WHAT THE TASK ASKS: Reproduce the records below exactly, but only between the lines holding "type_synonym 'n fser" and "nat) \<Rightarrow> 'n", inclusive.

INPUT FOR THIS TASK:

(* Let $P$ be a Poisson bracket on $\mathbb{R}^n$, let $\ast_\nu$ be a star-product on $(\mathbb{R}^n,P)$, and let $\odot_\nu$ be the sun-product associated to $\ast_\nu$, defined on $\mathsf{N}^0_\nu$. Then $\odot_\nu$ is an Abelian, associative product on $\mathsf{N}^0_\nu$; it is $\mathbb{R}$-bilinear but fails to be $\mathbb{R}[[\nu]]$-bilinear. Consequently $\mathsf{N}^0_\nu$ endowed with $\odot_\nu$ is an Abelian $\mathbb{R}$-algebra.
   Context: Let $\mathsf{N}=C^\infty(\mathbb{R}^n)$ (real-valued), with coordinates $x_1,\dots,x_n$, and $\mathsf{Pol}=\mathbb{R}[x_1,\dots,x_n]\subset\mathsf{N}$. For a formal parameter $\nu$, $\mathsf{N}_\nu=\mathsf{N}[[\nu]]$, and $\mathsf{N}^0_\nu\subset\mathsf{N}_\nu$ is the subalgebra of formal series whose $\nu^0$-coefficient lies in $\mathsf{Pol}$; $\pi:\mathsf{N}_\nu\to\mathsf{N}$ is the projection onto the $\nu^0$-coefficient. A (differential) star-product on $(\mathbb{R}^n,P)$ is a bilinear map $f\ast_\nu g=\sum_{r\ge0}\nu^rC_r(f,g)$ from $\mathsf{N}\times\mathsf{N}$ to $\mathsf{N}[[\nu]]$, extended $\mathbb{R}[[\nu]]$-bilinearly to $\mathsf{N}_\nu$, where the $C_r$ are bidifferential operators with: $C_0(f,g)=fg$; $C_r(c,f)=C_r(f,c)=0$ for $r\ge1$ and constants $c$; associativity $\sum_{s+t=r}C_s(C_t(f,g),h)=\sum_{s+t=r}C_s(f,C_t(g,h))$ for all $r\ge0$; and $C_1(f,g)-C_1(g,f)=2P(f,g)$. Let $\mathcal{S}(\mathsf{Pol})$ be the symmetric tensor algebra over $\mathsf{Pol}$ with product $\otimes$, let $\lambda:\mathsf{Pol}\to\mathcal{S}(\mathsf{Pol})$ be the $\mathbb{R}$-algebra homomorphism with $\lambda(x_1^{k_1}\cdots x_n^{k_n})=x_1^{\otimes k_1}\otimes\cdots\otimes x_n^{\otimes k_n}$, and let $T_{\ast_\nu}:\mathcal{S}(\mathsf{Pol})\to\mathsf{N}^0_\nu$ be the $\mathbb{R}$-linear map with $T_{\ast_\nu}(I)=1$ ($I$ the unit of $\mathcal{S}(\mathsf{Pol})$) and $T_{\ast_\nu}(f_1\otimes\cdots\otimes f_k)=\frac1{k!}\sum_{\sigma\in S_k}f_{\sigma(1)}\ast_\nu\cdots\ast_\nu f_{\sigma(k)}$ for $f_i\in\mathsf{Pol}$. The sun-product associated to $\ast_\nu$ is $f\odot_\nu g=T_{\ast_\nu}(\lambda(\pi(f))\otimes\lambda(\pi(g)))$ for $f,g\in\mathsf{N}^0_\nu$. *)

theory Defs
  imports "HOL-Analysis.Analysis" "HOL-Library.Multiset" "HOL-Combinatorics.Permutations"
begin

type_synonym 'n fn = "real^'n \<Rightarrow> real"
type_synonym 'n fser = "nat \<Rightarrow> 'n fn"   (* element of N[[nu]]: sequence of coefficients *)

definition pd :: "'n::finite \<Rightarrow> 'n fn \<Rightarrow> 'n fn" where
  "pd i f = (\<lambda>x. deriv (\<lambda>t. f (x + t *\<^sub>R axis i 1)) 0)"

fun pds :: "'n::finite list \<Rightarrow> 'n fn \<Rightarrow> 'n fn" where
  "pds [] f = f"
| "pds (i # is) f = pd i (pds is f)"

definition smooth :: "('n::finite) fn \<Rightarrow> bool" where
  "smooth f \<longleftrightarrow> (\<forall>is. continuous_on UNIV (pds is f) \<and>
      (\<forall>i x. (\<lambda>t. pds is f (x + t *\<^sub>R axis i 1)) field_differentiable (at 0)))"

definition coord :: "'n::finite \<Rightarrow> 'n fn" where
  "coord i = (\<lambda>x. x $ i)"

definition monom :: "('n::finite \<Rightarrow> nat) \<Rightarrow> 'n fn" where
  "monom m = (\<lambda>x. \<Prod>i\<in>UNIV. (x $ i) ^ (m i))"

SOLUTION TO THIS PROBLEM:
type_synonym 'n fser = "nat \<Rightarrow> 'n fn"   (* element of N[[nu]]: sequence of coefficients *)

definition pd :: "'n::finite \<Rightarrow> 'n fn \<Rightarrow> 'n fn" where
  "pd i f = (\<lambda>x. deriv (\<lambda>t. f (x + t *\<^sub>R axis i 1)) 0)"

fun pds :: "'n::finite list \<Rightarrow> 'n fn \<Rightarrow> 'n fn" where
  "pds [] f = f"
| "pds (i # is) f = pd i (pds is f)"

definition smooth :: "('n::finite) fn \<Rightarrow> bool" where
  "smooth f \<longleftrightarrow> (\<forall>is. continuous_on UNIV (pds is f) \<and>
      (\<forall>i x. (\<lambda>t. pds is f (x + t *\<^sub>R axis i 1)) field_differentiable (at 0)))"

definition coord :: "'n::finite \<Rightarrow> 'n fn" where
  "coord i = (\<lambda>x. x $ i)"

definition monom :: "('n::finite \<Rightarrow> nat) \<Rightarrow> 'n fn" where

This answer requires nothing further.